Folau’s legal representatives confirmed that applications have been filed with the Fair Work Commission to deal with Folau’s unlawful termination dispute, after Folau was sacked last month for breaching the professional players' Code of Conduct.
The sacking occurred after a social media post in which Folau said homosexuals (and others) were going to hell was published in April. The post contravened Rugby Australia's Inclusion Policy and was the second time he'd posted something along those lines, despite being warned not to.
Folau's representatives confirmed that the former rugby star’s intent was to "seek a declaration that his employment was unlawfully terminated because of his religion.

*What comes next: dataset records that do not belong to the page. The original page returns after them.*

lemma sum_i2jk_congruent_sum_ijk2:
  fixes p :: nat
  assumes "prime p"
  defines "T \<equiv> increasing_triples {1..p-1}"
  shows "p_divisible (int p)
           ((\<Sum>(i, j, k)\<in>T. 1 / (of_nat i ^ 2 * of_nat j * of_nat k :: rat))
            - (\<Sum>(i, j, k)\<in>T. 1 / (of_nat i * of_nat j * of_nat k ^ 2)))"
proof -
  have "(\<Sum>(i, j, k)\<in>T. 1 / (of_nat i ^ 2 * of_nat j * of_nat k :: rat))
      = (\<Sum>(i, j, k)\<in>T. 1 / (of_nat (p - k) ^ 2 * of_nat (p - j) * of_nat (p - i)))"
    using sum.reindex_bij_betw[OF reflection_permutes_triples[of p],
        of "\<lambda>(i, j, k). 1 / (of_nat i ^ 2 * of_nat j * of_nat k :: rat)"]
    unfolding T_def by (simp add: case_prod_beta)
  moreover have "p_divisible (int p)
      (\<Sum>(i, j, k)\<in>T. 1 / (of_nat (p - k) ^ 2 * of_nat (p - j) * of_nat (p - i))
                    - 1 / (of_nat i * of_nat j * of_nat k ^ 2) :: rat)"
    using assms(1) reflected_term_congruent[OF assms(1)]
    by (intro p_divisible_sum) (auto simp: T_def increasing_triples_def)
  ultimately show ?thesis by (simp add: sum_subtractf case_prod_beta)
qed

Under section 772 of the Fair Work Act it is unlawful to terminate employment on the basis of religion".
Folau said he felt his treatment by Rugby Australia and the Waratahs had left him no choice but to stand up for his beliefs and the rights of all Australians.
"I will forever be grateful and proud to have played the sport I love for our nation.
Ours is an amazing country built on important principles, including freedom of religion. A nation made up of so many different faiths and cultural backgrounds will never be truly rich unless this freedom applies to all of us," he said.
READ MORE: Israel Folau Sacked By Rugby Australia
“The messages of support we have received over these difficult few weeks have made me realise there are many Australians who feel their fundamental rights are being steadily eroded.
“No Australian of any faith should be fired for practicing their religion."
According to the applications submitted today, the termination of Folau’s employment contract prevented him from playing at the peak of his career and on the cusp of a Rugby World Cup, which would have likely generated even greater exposure and opportunities.
For this reason, he is seeking substantial remedies from his former employers should they be found to have breached the Fair Work Act in terminating his employment."